*** Opening Input records ***
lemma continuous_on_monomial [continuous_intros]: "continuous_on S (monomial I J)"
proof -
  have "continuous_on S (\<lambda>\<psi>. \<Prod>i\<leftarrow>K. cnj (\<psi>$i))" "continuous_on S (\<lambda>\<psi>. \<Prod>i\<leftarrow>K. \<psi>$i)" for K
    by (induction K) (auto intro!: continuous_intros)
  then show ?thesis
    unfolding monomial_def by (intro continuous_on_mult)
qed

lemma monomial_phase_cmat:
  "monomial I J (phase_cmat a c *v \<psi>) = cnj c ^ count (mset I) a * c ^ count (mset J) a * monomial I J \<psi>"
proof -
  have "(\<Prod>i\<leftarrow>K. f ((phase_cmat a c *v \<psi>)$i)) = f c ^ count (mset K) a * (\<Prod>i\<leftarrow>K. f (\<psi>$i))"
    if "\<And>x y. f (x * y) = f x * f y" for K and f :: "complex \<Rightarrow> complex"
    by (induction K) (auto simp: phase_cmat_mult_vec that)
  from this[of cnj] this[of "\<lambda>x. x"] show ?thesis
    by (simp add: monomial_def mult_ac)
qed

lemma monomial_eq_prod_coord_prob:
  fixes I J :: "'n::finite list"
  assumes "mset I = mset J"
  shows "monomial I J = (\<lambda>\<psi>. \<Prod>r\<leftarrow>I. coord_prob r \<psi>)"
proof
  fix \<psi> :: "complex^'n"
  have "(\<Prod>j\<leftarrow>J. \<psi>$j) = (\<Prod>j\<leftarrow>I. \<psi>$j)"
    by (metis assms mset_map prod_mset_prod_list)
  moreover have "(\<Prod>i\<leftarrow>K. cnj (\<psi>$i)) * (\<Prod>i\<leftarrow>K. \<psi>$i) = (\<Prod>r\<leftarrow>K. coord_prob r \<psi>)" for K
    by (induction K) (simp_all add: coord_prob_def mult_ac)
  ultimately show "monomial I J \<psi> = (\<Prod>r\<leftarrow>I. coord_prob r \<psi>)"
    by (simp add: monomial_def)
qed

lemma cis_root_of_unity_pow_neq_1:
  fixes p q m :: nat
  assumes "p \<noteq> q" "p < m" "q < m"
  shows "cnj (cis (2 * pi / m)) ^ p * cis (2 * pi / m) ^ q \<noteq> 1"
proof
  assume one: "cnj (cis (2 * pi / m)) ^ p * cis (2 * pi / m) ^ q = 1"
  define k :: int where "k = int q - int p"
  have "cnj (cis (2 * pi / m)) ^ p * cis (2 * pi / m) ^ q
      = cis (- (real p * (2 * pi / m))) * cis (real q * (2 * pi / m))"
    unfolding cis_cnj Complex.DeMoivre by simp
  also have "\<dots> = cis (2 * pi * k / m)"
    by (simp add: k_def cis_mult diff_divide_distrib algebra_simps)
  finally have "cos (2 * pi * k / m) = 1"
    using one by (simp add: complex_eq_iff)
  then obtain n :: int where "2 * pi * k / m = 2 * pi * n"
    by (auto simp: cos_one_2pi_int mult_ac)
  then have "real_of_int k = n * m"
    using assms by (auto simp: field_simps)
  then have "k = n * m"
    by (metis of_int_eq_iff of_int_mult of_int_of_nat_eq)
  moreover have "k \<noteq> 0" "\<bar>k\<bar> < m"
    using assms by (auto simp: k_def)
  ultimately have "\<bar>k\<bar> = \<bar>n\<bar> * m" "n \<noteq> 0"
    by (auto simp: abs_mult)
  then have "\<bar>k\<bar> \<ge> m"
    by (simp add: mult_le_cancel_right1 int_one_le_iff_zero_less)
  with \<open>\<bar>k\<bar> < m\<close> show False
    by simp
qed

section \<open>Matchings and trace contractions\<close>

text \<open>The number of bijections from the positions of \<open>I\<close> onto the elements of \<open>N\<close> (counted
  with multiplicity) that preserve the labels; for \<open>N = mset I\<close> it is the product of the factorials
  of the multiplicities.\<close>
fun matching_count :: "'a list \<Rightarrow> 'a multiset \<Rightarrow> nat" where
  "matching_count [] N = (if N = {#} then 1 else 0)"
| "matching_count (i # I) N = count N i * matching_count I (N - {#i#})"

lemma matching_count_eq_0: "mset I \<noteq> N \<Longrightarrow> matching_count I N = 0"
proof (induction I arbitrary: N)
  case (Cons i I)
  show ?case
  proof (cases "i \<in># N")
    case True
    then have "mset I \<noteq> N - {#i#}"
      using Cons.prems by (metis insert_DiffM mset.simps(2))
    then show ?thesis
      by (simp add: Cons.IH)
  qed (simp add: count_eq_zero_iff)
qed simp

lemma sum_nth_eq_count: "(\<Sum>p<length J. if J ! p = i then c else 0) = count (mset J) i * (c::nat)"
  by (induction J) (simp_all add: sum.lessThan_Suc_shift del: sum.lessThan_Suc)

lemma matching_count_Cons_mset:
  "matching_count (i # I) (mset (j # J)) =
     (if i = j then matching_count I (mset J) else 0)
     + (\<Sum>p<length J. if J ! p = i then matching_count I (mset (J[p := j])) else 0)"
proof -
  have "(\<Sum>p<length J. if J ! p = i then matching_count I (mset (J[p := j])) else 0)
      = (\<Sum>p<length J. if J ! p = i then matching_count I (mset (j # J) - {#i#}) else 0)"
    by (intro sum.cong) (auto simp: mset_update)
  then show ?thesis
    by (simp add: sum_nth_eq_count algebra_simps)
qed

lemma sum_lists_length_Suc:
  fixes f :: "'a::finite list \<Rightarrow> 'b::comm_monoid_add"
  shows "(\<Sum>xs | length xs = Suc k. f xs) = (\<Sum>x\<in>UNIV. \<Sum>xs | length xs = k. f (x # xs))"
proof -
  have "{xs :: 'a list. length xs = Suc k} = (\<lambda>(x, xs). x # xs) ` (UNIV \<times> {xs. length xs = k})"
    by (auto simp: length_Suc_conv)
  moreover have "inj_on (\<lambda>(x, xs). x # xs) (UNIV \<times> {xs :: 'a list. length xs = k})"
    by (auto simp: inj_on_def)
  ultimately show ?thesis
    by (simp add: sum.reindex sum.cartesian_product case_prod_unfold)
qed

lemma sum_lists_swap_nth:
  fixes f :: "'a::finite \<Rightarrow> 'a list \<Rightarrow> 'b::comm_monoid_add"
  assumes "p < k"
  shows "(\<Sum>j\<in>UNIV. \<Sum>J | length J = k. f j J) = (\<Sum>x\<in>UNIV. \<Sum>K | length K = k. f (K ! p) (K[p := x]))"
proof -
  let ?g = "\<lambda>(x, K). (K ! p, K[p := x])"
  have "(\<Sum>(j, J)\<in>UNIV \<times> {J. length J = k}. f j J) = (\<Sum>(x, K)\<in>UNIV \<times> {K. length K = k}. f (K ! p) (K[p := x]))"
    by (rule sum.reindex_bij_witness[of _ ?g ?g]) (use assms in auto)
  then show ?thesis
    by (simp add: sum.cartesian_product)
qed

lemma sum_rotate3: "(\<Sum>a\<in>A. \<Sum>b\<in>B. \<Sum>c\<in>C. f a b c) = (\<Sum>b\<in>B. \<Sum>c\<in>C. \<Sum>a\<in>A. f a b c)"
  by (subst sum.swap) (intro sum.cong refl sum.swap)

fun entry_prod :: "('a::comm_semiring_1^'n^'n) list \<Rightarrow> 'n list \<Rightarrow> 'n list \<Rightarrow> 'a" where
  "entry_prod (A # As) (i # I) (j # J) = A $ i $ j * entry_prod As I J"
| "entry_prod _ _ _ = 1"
*** Closing Input records ***
*** Opening Input records ***
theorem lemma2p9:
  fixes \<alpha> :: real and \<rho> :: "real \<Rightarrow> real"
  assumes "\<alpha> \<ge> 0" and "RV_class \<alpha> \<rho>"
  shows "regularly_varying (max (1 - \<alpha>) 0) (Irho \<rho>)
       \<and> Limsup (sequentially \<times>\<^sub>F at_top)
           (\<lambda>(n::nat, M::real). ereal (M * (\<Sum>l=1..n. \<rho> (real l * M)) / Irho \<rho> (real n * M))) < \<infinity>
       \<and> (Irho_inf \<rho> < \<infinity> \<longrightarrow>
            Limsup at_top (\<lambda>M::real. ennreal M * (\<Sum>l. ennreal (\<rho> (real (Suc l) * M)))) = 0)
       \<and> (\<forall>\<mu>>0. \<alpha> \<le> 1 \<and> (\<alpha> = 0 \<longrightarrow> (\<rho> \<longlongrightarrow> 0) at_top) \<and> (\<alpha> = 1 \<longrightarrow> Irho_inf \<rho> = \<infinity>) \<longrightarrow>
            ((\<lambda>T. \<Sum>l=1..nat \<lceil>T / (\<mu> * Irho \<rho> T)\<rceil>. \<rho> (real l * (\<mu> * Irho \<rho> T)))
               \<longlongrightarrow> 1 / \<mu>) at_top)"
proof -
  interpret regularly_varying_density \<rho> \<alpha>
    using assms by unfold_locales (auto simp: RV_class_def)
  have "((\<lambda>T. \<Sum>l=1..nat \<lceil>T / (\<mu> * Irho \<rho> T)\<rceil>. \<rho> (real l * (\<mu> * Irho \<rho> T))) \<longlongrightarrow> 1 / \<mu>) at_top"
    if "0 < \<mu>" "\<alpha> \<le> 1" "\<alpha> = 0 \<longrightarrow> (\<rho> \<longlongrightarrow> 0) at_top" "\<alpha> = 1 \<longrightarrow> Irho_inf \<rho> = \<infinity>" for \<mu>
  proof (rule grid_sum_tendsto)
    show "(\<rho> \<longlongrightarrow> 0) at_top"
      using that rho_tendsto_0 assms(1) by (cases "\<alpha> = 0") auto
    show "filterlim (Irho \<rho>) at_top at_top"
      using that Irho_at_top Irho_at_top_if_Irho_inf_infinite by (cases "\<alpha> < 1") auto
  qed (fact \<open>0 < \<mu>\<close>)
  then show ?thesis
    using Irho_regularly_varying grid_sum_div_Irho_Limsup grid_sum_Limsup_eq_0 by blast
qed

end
*** Closing Input records ***
*** Opening Input records ***
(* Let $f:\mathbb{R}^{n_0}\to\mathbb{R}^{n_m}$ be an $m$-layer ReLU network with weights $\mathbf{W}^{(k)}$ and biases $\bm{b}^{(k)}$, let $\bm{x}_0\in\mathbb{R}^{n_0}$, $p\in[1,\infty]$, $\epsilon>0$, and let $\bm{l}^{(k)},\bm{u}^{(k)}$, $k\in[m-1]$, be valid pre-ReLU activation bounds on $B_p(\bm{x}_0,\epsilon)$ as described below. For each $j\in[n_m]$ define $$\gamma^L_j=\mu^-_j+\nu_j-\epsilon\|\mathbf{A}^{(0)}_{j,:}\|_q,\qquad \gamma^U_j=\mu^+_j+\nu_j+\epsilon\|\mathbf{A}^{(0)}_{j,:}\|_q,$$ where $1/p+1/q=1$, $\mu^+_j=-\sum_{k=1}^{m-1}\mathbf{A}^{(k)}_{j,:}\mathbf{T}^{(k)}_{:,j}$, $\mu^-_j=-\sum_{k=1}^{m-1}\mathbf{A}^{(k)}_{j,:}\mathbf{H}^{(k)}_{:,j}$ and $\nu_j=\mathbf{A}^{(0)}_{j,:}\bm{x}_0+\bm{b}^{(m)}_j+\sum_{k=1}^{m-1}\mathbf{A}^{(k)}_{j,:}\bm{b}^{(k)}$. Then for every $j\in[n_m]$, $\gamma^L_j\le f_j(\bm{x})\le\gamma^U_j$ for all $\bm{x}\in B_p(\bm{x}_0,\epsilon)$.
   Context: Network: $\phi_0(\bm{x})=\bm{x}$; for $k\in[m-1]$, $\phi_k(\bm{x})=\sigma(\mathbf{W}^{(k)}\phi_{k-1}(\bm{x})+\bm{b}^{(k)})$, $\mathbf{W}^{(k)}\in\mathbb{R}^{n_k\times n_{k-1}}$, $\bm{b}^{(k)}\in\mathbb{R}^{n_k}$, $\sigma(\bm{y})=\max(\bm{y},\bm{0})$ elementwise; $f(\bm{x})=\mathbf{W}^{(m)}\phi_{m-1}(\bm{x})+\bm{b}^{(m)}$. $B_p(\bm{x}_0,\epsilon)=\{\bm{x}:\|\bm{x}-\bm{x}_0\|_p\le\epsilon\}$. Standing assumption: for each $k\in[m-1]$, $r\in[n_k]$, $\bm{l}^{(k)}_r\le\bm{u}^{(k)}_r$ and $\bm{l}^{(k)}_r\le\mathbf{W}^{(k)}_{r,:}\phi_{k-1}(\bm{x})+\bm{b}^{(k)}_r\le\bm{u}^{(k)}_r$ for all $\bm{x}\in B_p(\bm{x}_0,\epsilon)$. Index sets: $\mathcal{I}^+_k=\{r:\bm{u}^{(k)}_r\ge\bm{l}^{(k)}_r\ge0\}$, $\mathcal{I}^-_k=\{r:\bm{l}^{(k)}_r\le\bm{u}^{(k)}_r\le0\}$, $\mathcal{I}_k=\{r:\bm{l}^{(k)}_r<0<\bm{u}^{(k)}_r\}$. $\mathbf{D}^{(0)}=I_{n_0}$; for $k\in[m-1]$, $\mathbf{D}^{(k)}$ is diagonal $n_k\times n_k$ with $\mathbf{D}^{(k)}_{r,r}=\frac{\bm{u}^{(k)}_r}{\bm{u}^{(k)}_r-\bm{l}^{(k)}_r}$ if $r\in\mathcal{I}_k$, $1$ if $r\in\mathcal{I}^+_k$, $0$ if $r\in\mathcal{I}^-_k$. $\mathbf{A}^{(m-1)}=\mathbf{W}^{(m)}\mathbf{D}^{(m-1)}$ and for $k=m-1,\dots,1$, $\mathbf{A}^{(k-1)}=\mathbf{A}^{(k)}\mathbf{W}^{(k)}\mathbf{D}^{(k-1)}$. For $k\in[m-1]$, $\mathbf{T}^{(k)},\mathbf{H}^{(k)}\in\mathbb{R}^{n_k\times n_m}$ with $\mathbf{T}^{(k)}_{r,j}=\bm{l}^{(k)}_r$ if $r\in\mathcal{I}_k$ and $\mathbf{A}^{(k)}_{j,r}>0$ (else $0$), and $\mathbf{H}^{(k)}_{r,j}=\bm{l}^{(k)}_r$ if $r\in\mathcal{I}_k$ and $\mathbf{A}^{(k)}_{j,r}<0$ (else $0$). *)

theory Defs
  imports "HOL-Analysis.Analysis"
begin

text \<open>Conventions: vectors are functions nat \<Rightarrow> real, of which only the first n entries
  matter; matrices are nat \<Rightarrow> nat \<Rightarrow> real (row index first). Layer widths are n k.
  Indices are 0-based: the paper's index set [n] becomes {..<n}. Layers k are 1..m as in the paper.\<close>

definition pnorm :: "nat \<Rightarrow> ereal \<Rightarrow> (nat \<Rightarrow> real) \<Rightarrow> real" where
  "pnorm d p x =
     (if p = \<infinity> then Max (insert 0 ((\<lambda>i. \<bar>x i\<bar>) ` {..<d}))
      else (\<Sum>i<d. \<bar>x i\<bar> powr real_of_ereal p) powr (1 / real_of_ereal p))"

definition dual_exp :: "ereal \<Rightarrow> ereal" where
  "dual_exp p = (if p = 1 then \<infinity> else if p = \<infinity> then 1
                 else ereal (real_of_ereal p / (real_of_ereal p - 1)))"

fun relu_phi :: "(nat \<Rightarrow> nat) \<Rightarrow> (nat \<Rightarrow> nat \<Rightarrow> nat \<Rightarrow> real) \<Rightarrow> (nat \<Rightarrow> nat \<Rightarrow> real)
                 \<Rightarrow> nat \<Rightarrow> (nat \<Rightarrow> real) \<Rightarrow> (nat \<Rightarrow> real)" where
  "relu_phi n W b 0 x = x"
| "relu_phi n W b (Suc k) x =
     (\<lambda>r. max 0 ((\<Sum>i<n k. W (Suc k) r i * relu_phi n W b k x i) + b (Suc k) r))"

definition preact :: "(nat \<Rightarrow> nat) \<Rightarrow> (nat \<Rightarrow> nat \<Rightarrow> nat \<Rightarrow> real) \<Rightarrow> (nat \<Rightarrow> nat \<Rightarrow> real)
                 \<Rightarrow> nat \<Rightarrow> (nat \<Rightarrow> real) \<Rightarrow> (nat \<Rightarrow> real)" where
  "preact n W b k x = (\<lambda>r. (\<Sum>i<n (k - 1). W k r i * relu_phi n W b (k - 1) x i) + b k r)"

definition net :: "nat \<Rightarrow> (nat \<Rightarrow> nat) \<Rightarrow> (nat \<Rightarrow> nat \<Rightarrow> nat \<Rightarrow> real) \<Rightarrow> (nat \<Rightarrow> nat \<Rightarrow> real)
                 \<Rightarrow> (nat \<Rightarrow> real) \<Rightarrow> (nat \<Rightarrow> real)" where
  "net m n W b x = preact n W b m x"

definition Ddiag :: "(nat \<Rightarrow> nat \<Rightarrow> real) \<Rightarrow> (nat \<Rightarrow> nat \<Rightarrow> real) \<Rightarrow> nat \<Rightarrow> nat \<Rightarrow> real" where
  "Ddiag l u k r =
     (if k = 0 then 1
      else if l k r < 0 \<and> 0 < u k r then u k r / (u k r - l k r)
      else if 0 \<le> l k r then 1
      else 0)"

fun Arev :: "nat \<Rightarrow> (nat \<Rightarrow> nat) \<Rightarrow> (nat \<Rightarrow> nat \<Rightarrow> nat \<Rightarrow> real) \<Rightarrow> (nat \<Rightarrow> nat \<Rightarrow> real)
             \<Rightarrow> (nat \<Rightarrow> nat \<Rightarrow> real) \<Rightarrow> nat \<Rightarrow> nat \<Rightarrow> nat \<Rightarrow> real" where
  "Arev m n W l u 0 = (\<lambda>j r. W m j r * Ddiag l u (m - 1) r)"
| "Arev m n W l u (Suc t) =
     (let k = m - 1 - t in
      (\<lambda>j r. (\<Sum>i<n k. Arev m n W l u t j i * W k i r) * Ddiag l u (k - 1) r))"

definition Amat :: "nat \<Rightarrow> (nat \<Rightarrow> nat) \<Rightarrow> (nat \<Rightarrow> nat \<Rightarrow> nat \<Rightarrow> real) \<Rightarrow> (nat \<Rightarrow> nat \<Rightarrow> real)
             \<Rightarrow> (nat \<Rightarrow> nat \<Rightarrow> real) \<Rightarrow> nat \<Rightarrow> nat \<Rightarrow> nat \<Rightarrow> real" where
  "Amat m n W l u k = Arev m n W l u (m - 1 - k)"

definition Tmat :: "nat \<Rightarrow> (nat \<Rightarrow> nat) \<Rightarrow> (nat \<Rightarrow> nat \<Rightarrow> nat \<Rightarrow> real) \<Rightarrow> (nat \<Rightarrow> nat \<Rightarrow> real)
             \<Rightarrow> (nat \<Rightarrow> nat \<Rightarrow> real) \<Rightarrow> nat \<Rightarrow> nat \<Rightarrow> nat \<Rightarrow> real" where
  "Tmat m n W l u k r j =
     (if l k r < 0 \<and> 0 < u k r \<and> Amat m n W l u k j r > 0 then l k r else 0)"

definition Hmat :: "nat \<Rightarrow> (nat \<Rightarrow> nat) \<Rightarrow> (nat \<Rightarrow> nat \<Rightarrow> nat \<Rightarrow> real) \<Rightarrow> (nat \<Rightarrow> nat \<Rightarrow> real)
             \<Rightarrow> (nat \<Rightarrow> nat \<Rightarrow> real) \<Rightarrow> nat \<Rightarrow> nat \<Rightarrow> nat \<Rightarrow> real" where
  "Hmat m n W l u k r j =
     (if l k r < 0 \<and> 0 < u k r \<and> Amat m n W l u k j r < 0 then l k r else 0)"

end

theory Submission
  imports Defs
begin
*** Closing Input records ***
### [What to do]
Copy out, exactly and alone, the lines of the entries above between the ones holding "(\<Prod>r\<leftarrow>I. coord_prob r" and "by (auto simp: abs_mult)", inclusive.

### [Result]
  ultimately show "monomial I J \<psi> = (\<Prod>r\<leftarrow>I. coord_prob r \<psi>)"
    by (simp add: monomial_def)
qed

lemma cis_root_of_unity_pow_neq_1:
  fixes p q m :: nat
  assumes "p \<noteq> q" "p < m" "q < m"
  shows "cnj (cis (2 * pi / m)) ^ p * cis (2 * pi / m) ^ q \<noteq> 1"
proof
  assume one: "cnj (cis (2 * pi / m)) ^ p * cis (2 * pi / m) ^ q = 1"
  define k :: int where "k = int q - int p"
  have "cnj (cis (2 * pi / m)) ^ p * cis (2 * pi / m) ^ q
      = cis (- (real p * (2 * pi / m))) * cis (real q * (2 * pi / m))"
    unfolding cis_cnj Complex.DeMoivre by simp
  also have "\<dots> = cis (2 * pi * k / m)"
    by (simp add: k_def cis_mult diff_divide_distrib algebra_simps)
  finally have "cos (2 * pi * k / m) = 1"
    using one by (simp add: complex_eq_iff)
  then obtain n :: int where "2 * pi * k / m = 2 * pi * n"
    by (auto simp: cos_one_2pi_int mult_ac)
  then have "real_of_int k = n * m"
    using assms by (auto simp: field_simps)
  then have "k = n * m"
    by (metis of_int_eq_iff of_int_mult of_int_of_nat_eq)
  moreover have "k \<noteq> 0" "\<bar>k\<bar> < m"
    using assms by (auto simp: k_def)
  ultimately have "\<bar>k\<bar> = \<bar>n\<bar> * m" "n \<noteq> 0"
    by (auto simp: abs_mult)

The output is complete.